It hits me. The perfect ending. It's resonant, lyrical, satisfying and frustrating in the best ways, brings the themes together beautifully, and I know exactly how to write it.
I don't have a pen. I scramble. I search my brother-in-law's desk and find a brick-red crayon. Good enough. I start writing on a blank piece of paper, and I feel my eldest sister's eyes watching my every move. She asks what I'm doing and I can't answer—I'm too focused. Can't lose my thoughts. She's watching me write, and so I start writing in symbols that represents who and when and what. I write without words.
My sister frowns and smiles at the same time; she's confused and intrigued, amused and ever-so-slightly annoyed. I ignore her. I write. I scribble. I draw.
I finish and breathe a sigh of relief. The ending is just as important as the beginning, and I've been puzzling over it for weeks. I'm 70% through writing the book, and this—the brick-red crayon scribbling on this page—is the light at the end of the tunnel. A tension in my chest releases and I know that I will finish writing this book, and I know it'll be good.

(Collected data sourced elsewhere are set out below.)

lemma q_tendsto: "(q \<longlongrightarrow> - c) (at_left 0)"
proof -
  obtain C where C: "\<forall>\<^sub>F \<xi> in at_left 0. \<bar>P \<xi>\<bar> \<le> C * (- \<xi>) * U \<xi>"
    using P_linear_bound by blast
  have "\<forall>\<^sub>F \<xi> in at_left 0. norm (q \<xi> + c) \<le> C * (- \<xi>)"
    using C eventually_at_left_0_neg
  proof eventually_elim
    case (elim \<xi>)
    have "q \<xi> + c = P \<xi> / U \<xi>"
      unfolding q_def P_def using U_pos[OF elim(2)] by (simp add: field_simps)
    then show ?case using elim U_pos[OF elim(2)] by (simp add: abs_div divide_le_eq)
  qed
  moreover have "((\<lambda>\<xi>. C * (- \<xi>)) \<longlongrightarrow> C * (- 0)) (at_left (0::real))"
    by (intro tendsto_intros)
  then have "((\<lambda>\<xi>. C * (- \<xi>)) \<longlongrightarrow> 0) (at_left (0::real))" by simp
  ultimately have "((\<lambda>\<xi>. q \<xi> + c) \<longlongrightarrow> 0) (at_left 0)"
    by (rule Lim_null_comparison)
  then have "((\<lambda>\<xi>. q \<xi> + c - c) \<longlongrightarrow> 0 - c) (at_left 0)" by (intro tendsto_intros)
  then show ?thesis by simp
qed

definition "\<alpha> = alpha p"
definition "\<beta> = m - \<alpha>"
definition "v = (\<lambda>\<xi>. - ((- q \<xi>) powr \<alpha>))"
definition "X = (\<lambda>\<xi>. U \<xi> powr (\<beta> + 1))"

lemma \<alpha>_inverse: "\<alpha> * (p - 1) = 1"
  unfolding \<alpha>_def alpha_def using p_gt by simp

lemma \<beta>_pos: "\<beta> > 0"
  unfolding \<beta>_def \<alpha>_def alpha_def using mp p_gt by (simp add: field_simps)

lemma neg_q_nonneg: "- q \<xi> \<ge> 0"
  unfolding q_def using \<Phi>_nonpos[of \<xi>] U_nonneg[of \<xi>] by (simp add: divide_nonpos_nonneg)

lemma v_eq: assumes "\<xi> < 0" shows "v \<xi> = w' \<xi> / U \<xi> powr \<alpha>"
proof -
  have "(- q \<xi>) powr \<alpha> = ((- w' \<xi>) powr (p - 1)) powr \<alpha> / U \<xi> powr \<alpha>"
    unfolding q_def \<Phi>_eq using U_pos[OF assms] by (simp add: powr_divide)
  also have "((- w' \<xi>) powr (p - 1)) powr \<alpha> = - w' \<xi>"
    using w'_nonpos[of \<xi>] \<alpha>_inverse by (simp add: powr_powr mult.commute)
  finally show ?thesis unfolding v_def by simp
qed

lemma flux_v: "\<bar>v \<xi>\<bar> powr (p - 2) * v \<xi> = q \<xi>"
proof -
  define z where "z = (- q \<xi>) powr \<alpha>"
  have "\<bar>v \<xi>\<bar> powr (p - 2) * v \<xi> = - (z powr (p - 2) * z)"
    unfolding v_def z_def[symmetric] by (simp add: z_def)
  also have "\<dots> = - (z powr (p - 1))"
    using powr_add[of z "p - 2" 1] by (simp add: z_def)
  also have "z powr (p - 1) = - q \<xi>"
    unfolding z_def using \<alpha>_inverse neg_q_nonneg by (simp add: powr_powr)
  finally show ?thesis by simp
qed

lemma has_real_derivative_U:
  assumes "\<xi> < 0" shows "(U has_real_derivative U \<xi> * v \<xi> / (m * U \<xi> powr \<beta>)) (at \<xi>)"
proof -
  have u: "U \<xi> > 0" and w: "w \<xi> > 0" using U_pos[OF assms] by (simp_all add: w_def)
  have U_eq: "U = (\<lambda>s. w s powr (1/m))"
    unfolding w_def using m_pos U_nonneg by (simp add: powr_powr)
  have "((\<lambda>s. w s powr (1/m)) has_real_derivative
      w \<xi> powr (1/m) * (0 * ln (w \<xi>) + w' \<xi> * (1/m) / w \<xi>)) (at \<xi>)"
    by (rule DERIV_powr[OF has_real_derivative_w w DERIV_const])
  moreover have "w \<xi> powr (1/m) * (0 * ln (w \<xi>) + w' \<xi> * (1/m) / w \<xi>)
      = U \<xi> * v \<xi> / (m * U \<xi> powr \<beta>)"
    using u m_pos unfolding v_eq[OF assms] \<beta>_def w_def
    by (simp add: powr_powr powr_diff field_simps)
  ultimately show ?thesis by (simp add: U_eq[symmetric])
qed

definition "V = (\<lambda>\<xi>. m / (m - alpha p) * U \<xi> powr (m - alpha p))"

lemma has_real_derivative_V: assumes "\<xi> < 0" shows "(V has_real_derivative v \<xi>) (at \<xi>)"
proof -
  have u: "U \<xi> > 0" using U_pos[OF assms] .
  have "((\<lambda>\<xi>. m / \<beta> * U \<xi> powr \<beta>) has_real_derivative
      m / \<beta> * (U \<xi> powr \<beta> * (0 * ln (U \<xi>) + U \<xi> * v \<xi> / (m * U \<xi> powr \<beta>) * \<beta> / U \<xi>))) (at \<xi>)"
    by (intro DERIV_cmult DERIV_powr[OF has_real_derivative_U[OF assms] u DERIV_const])
  then show ?thesis
    unfolding V_def \<alpha>_def[symmetric] \<beta>_def[symmetric] using u m_pos \<beta>_pos by (simp add: field_simps)
qed

lemma has_real_derivative_X:
  assumes "\<xi> < 0" shows "(X has_real_derivative (\<beta> + 1) * U \<xi> * v \<xi> / m) (at \<xi>)"
proof -
  have u: "U \<xi> > 0" using U_pos[OF assms] .
  have "(X has_real_derivative
      U \<xi> powr (\<beta> + 1) * (0 * ln (U \<xi>) + U \<xi> * v \<xi> / (m * U \<xi> powr \<beta>) * (\<beta> + 1) / U \<xi>)) (at \<xi>)"
    unfolding X_def by (rule DERIV_powr[OF has_real_derivative_U[OF assms] u DERIV_const])
  moreover have "U \<xi> powr (\<beta> + 1) * (0 * ln (U \<xi>) + U \<xi> * v \<xi> / (m * U \<xi> powr \<beta>) * (\<beta> + 1) / U \<xi>)
      = (\<beta> + 1) * U \<xi> * v \<xi> / m"
    using u m_pos by (simp add: powr_add field_simps)
  ultimately show ?thesis by simp
qed

lemma has_real_derivative_P: assumes "\<xi> < 0" shows "(P has_real_derivative - g \<xi>) (at \<xi>)"
proof -
  have "((\<lambda>x. integral {x..0} g) has_real_derivative - g \<xi>) (at \<xi> within {\<xi>-1..0})"
    using assms by (intro integral_has_real_derivative' continuous_on_subset[OF continuous_on_g]) auto
  then have "((\<lambda>x. integral {x..0} g) has_real_derivative - g \<xi>) (at \<xi>)"
    using at_within_Icc_at[of "\<xi>-1" \<xi> 0] assms by simp
  then show ?thesis
    by (rule has_field_derivative_transform_within_open[where S="{..<0}"])
      (use assms P_eq_integral in auto)
qed

definition "q' = (\<lambda>\<xi>. - g \<xi> / U \<xi> - P \<xi> * v \<xi> / (m * X \<xi>))"

lemma has_real_derivative_q: assumes "\<xi> < 0" shows "(q has_real_derivative q' \<xi>) (at \<xi>)"
proof -
  have u: "U \<xi> > 0" using U_pos[OF assms] .
  have "((\<lambda>s. P s / U s) has_real_derivative
      (- g \<xi> * U \<xi> - P \<xi> * (U \<xi> * v \<xi> / (m * U \<xi> powr \<beta>))) / (U \<xi> * U \<xi>)) (at \<xi>)"
    using u by (intro DERIV_divide has_real_derivative_P has_real_derivative_U assms) simp
  moreover have "(- g \<xi> * U \<xi> - P \<xi> * (U \<xi> * v \<xi> / (m * U \<xi> powr \<beta>))) / (U \<xi> * U \<xi>) = q' \<xi>"
    unfolding q'_def X_def using u m_pos by (simp add: powr_add field_simps)
  ultimately have "((\<lambda>s. P s / U s) has_real_derivative q' \<xi>) (at \<xi>)" by simp
  from DERIV_diff[OF this DERIV_const, of c]
  have D: "((\<lambda>s. P s / U s - c) has_real_derivative q' \<xi>) (at \<xi>)" by simp
  have "P s / U s - c = q s" if "s < 0" for s
    unfolding q_def P_def using U_pos[OF that] by (simp add: field_simps)
  then show ?thesis
    by (intro has_field_derivative_transform_within_open[OF D, where S="{..<0}"]) (use assms in auto)
qed

lemma eventually_q_neg: "\<forall>\<^sub>F \<xi> in at_left 0. q \<xi> < 0"
  using order_tendstoD(2)[OF q_tendsto, of 0] c_pos by simp

lemma v_tendsto: "(v \<longlongrightarrow> - (c powr \<alpha>)) (at_left 0)"
proof -
  have "((\<lambda>\<xi>. - q \<xi>) \<longlongrightarrow> c) (at_left 0)"
    using tendsto_minus[OF q_tendsto] by simp
  then show ?thesis unfolding v_def using c_pos by (intro tendsto_intros) auto
qed

lemma neg_g_over_U_tendsto: "((\<lambda>\<xi>. - g \<xi> / U \<xi>) \<longlongrightarrow> \<gamma> * c - h' 0) (at_left 0)"
proof -
  have "((\<lambda>\<xi>. - \<gamma> * q \<xi> - h (U \<xi>) / U \<xi>) \<longlongrightarrow> - \<gamma> * (- c) - h' 0) (at_left 0)"
    by (intro tendsto_intros q_tendsto h_over_U_tendsto)
  moreover have "\<forall>\<^sub>F \<xi> in at_left 0. - \<gamma> * q \<xi> - h (U \<xi>) / U \<xi> = - g \<xi> / U \<xi>"
    using eventually_at_left_0_neg
  proof eventually_elim
    case (elim \<xi>)
    then show ?case unfolding g_def q_def using U_pos[OF elim] by (simp add: field_simps)
  qed
  ultimately show ?thesis by (simp add: tendsto_cong)
qed

lemma P_tendsto_0: "(P \<longlongrightarrow> 0) (at_left 0)"
proof -
  have "isCont P 0" using continuous_on_P by (simp add: continuous_on_eq_continuous_at)
  then have "(P \<longlongrightarrow> 0) (at 0)" using P_eq_integral[of 0] by (simp add: isCont_def)
  then show ?thesis by (rule tendsto_within_subset) simp
qed

lemma X_tendsto_0: "(X \<longlongrightarrow> 0) (at_left 0)"
proof -
  have "((\<lambda>\<xi>. U \<xi> powr (\<beta> + 1)) \<longlongrightarrow> 0 powr (\<beta> + 1)) (at_left 0)"
    using \<beta>_pos U_nonneg by (intro tendsto_powr' U_tendsto_0 tendsto_const) auto
  then show ?thesis unfolding X_def by simp
qed

lemma P_over_X_tendsto:
  "((\<lambda>\<xi>. P \<xi> / X \<xi>) \<longlongrightarrow> m * (\<gamma> * c - h' 0) / ((\<beta> + 1) * - (c powr \<alpha>))) (at_left 0)"
proof (rule lhopital_left[OF P_tendsto_0 X_tendsto_0])
  show "\<forall>\<^sub>F \<xi> in at_left 0. X \<xi> \<noteq> 0"
    using eventually_at_left_0_neg by eventually_elim (simp add: X_def U_pos less_imp_neq[symmetric])
  show "\<forall>\<^sub>F \<xi> in at_left 0. (\<beta> + 1) * U \<xi> * v \<xi> / m \<noteq> 0"
    using eventually_at_left_0_neg eventually_q_neg
  proof eventually_elim
    case (elim \<xi>)
    then show ?case using U_pos[OF elim(1)] \<beta>_pos m_pos by (simp add: v_def)
  qed
  show "\<forall>\<^sub>F \<xi> in at_left 0. (P has_real_derivative - g \<xi>) (at \<xi>)"
    using eventually_at_left_0_neg by eventually_elim (rule has_real_derivative_P)
  show "\<forall>\<^sub>F \<xi> in at_left 0. (X has_real_derivative (\<beta> + 1) * U \<xi> * v \<xi> / m) (at \<xi>)"
    using eventually_at_left_0_neg by eventually_elim (rule has_real_derivative_X)
  have "((\<lambda>\<xi>. m * (- g \<xi> / U \<xi>) / ((\<beta> + 1) * v \<xi>)) \<longlongrightarrow>
      m * (\<gamma> * c - h' 0) / ((\<beta> + 1) * - (c powr \<alpha>))) (at_left 0)"
    using \<beta>_pos c_pos by (intro tendsto_intros neg_g_over_U_tendsto v_tendsto) auto
  moreover have "\<forall>\<^sub>F \<xi> in at_left 0. m * (- g \<xi> / U \<xi>) / ((\<beta> + 1) * v \<xi>)
      = - g \<xi> / ((\<beta> + 1) * U \<xi> * v \<xi> / m)"
    using eventually_at_left_0_neg
  proof eventually_elim
    case (elim \<xi>)
    then show ?case using U_pos[OF elim] m_pos by (simp add: field_simps)
  qed
  ultimately show "((\<lambda>\<xi>. - g \<xi> / ((\<beta> + 1) * U \<xi> * v \<xi> / m)) \<longlongrightarrow>
      m * (\<gamma> * c - h' 0) / ((\<beta> + 1) * - (c powr \<alpha>))) (at_left 0)"
    by (rule Lim_transform_eventually)
qed

lemma q'_tendsto: "(q' \<longlongrightarrow> (\<gamma> * c - h' 0) * \<beta> / (\<beta> + 1)) (at_left 0)"
proof -
  have "(q' \<longlongrightarrow> (\<gamma> * c - h' 0)
      - m * (\<gamma> * c - h' 0) / ((\<beta> + 1) * - (c powr \<alpha>)) * - (c powr \<alpha>) / m) (at_left 0)"
  proof -
    have "q' = (\<lambda>\<xi>. - g \<xi> / U \<xi> - P \<xi> / X \<xi> * v \<xi> / m)"
      unfolding q'_def by (simp add: fun_eq_iff mult.commute)
    then show ?thesis
      using m_pos by (simp only:) (intro tendsto_intros neg_g_over_U_tendsto P_over_X_tendsto v_tendsto; simp)
  qed
  moreover have "B - m * B / ((\<beta> + 1) * - C) * - C / m = B * \<beta> / (\<beta> + 1)" if "C > 0" for B C
  proof -
    have "\<beta> + 1 \<noteq> 0" using \<beta>_pos by simp
    then show ?thesis using m_pos that by (simp add: divide_simps) (simp add: algebra_simps)
  qed
  ultimately show ?thesis using c_pos by simp
qed

definition "v' = (\<lambda>\<xi>. \<alpha> * (- q \<xi>) powr (\<alpha> - 1) * q' \<xi>)"

lemma has_real_derivative_v:
  assumes "\<xi> < 0" "q \<xi> < 0" shows "(v has_real_derivative v' \<xi>) (at \<xi>)"
proof -
  have "((\<lambda>s. - q s) has_real_derivative - q' \<xi>) (at \<xi>)"
    by (intro DERIV_minus has_real_derivative_q assms)
  then have "((\<lambda>s. (- q s) powr \<alpha>) has_real_derivative
      (- q \<xi>) powr \<alpha> * (0 * ln (- q \<xi>) + - q' \<xi> * \<alpha> / - q \<xi>)) (at \<xi>)"
    by (rule DERIV_powr[OF _ _ DERIV_const]) (use assms in simp)
  then have "(v has_real_derivative
      - ((- q \<xi>) powr \<alpha> * (0 * ln (- q \<xi>) + - q' \<xi> * \<alpha> / - q \<xi>))) (at \<xi>)"
    unfolding v_def by (rule DERIV_minus)
  moreover have "- ((- q \<xi>) powr \<alpha> * (0 * ln (- q \<xi>) + - q' \<xi> * \<alpha> / - q \<xi>)) = v' \<xi>"
    unfolding v'_def using assms(2) by (simp add: powr_diff field_simps)
  ultimately show ?thesis by simp
qed

lemma v'_tendsto:
  "(v' \<longlongrightarrow> \<alpha> * c powr (\<alpha> - 1) * ((\<gamma> * c - h' 0) * \<beta> / (\<beta> + 1))) (at_left 0)"
proof -
  have "((\<lambda>\<xi>. - q \<xi>) \<longlongrightarrow> c) (at_left 0)"
    using tendsto_minus[OF q_tendsto] by simp
  then show ?thesis
    unfolding v'_def using c_pos by (intro tendsto_intros q'_tendsto) auto
qed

2 - Jumping Across Roofs in a Basement
I'm in the basement of a corporate building. They've put four interns and a supervisor in a windowless room to do a four-month project, and I love every minute of it. You want to know who doesn't yell at you for yelling about formatting issues? Basement folk. Want to know who is cool if you spend ten minutes kicking a stress ball up and down a hallway? Basement folk. Play loud Christmas music and complain about not seeing sunlight in the dead of winter? Office work is immeasurably improved by the ability to yell about it. Everything is chill in the basement.
Want to know what else was chill? Spending a lunch break pressed flat against a basement wall and seeing how far you can jump without a running start and seeing how hard it is to turn 180 degrees with only four inches of carpet. String and tape get involved.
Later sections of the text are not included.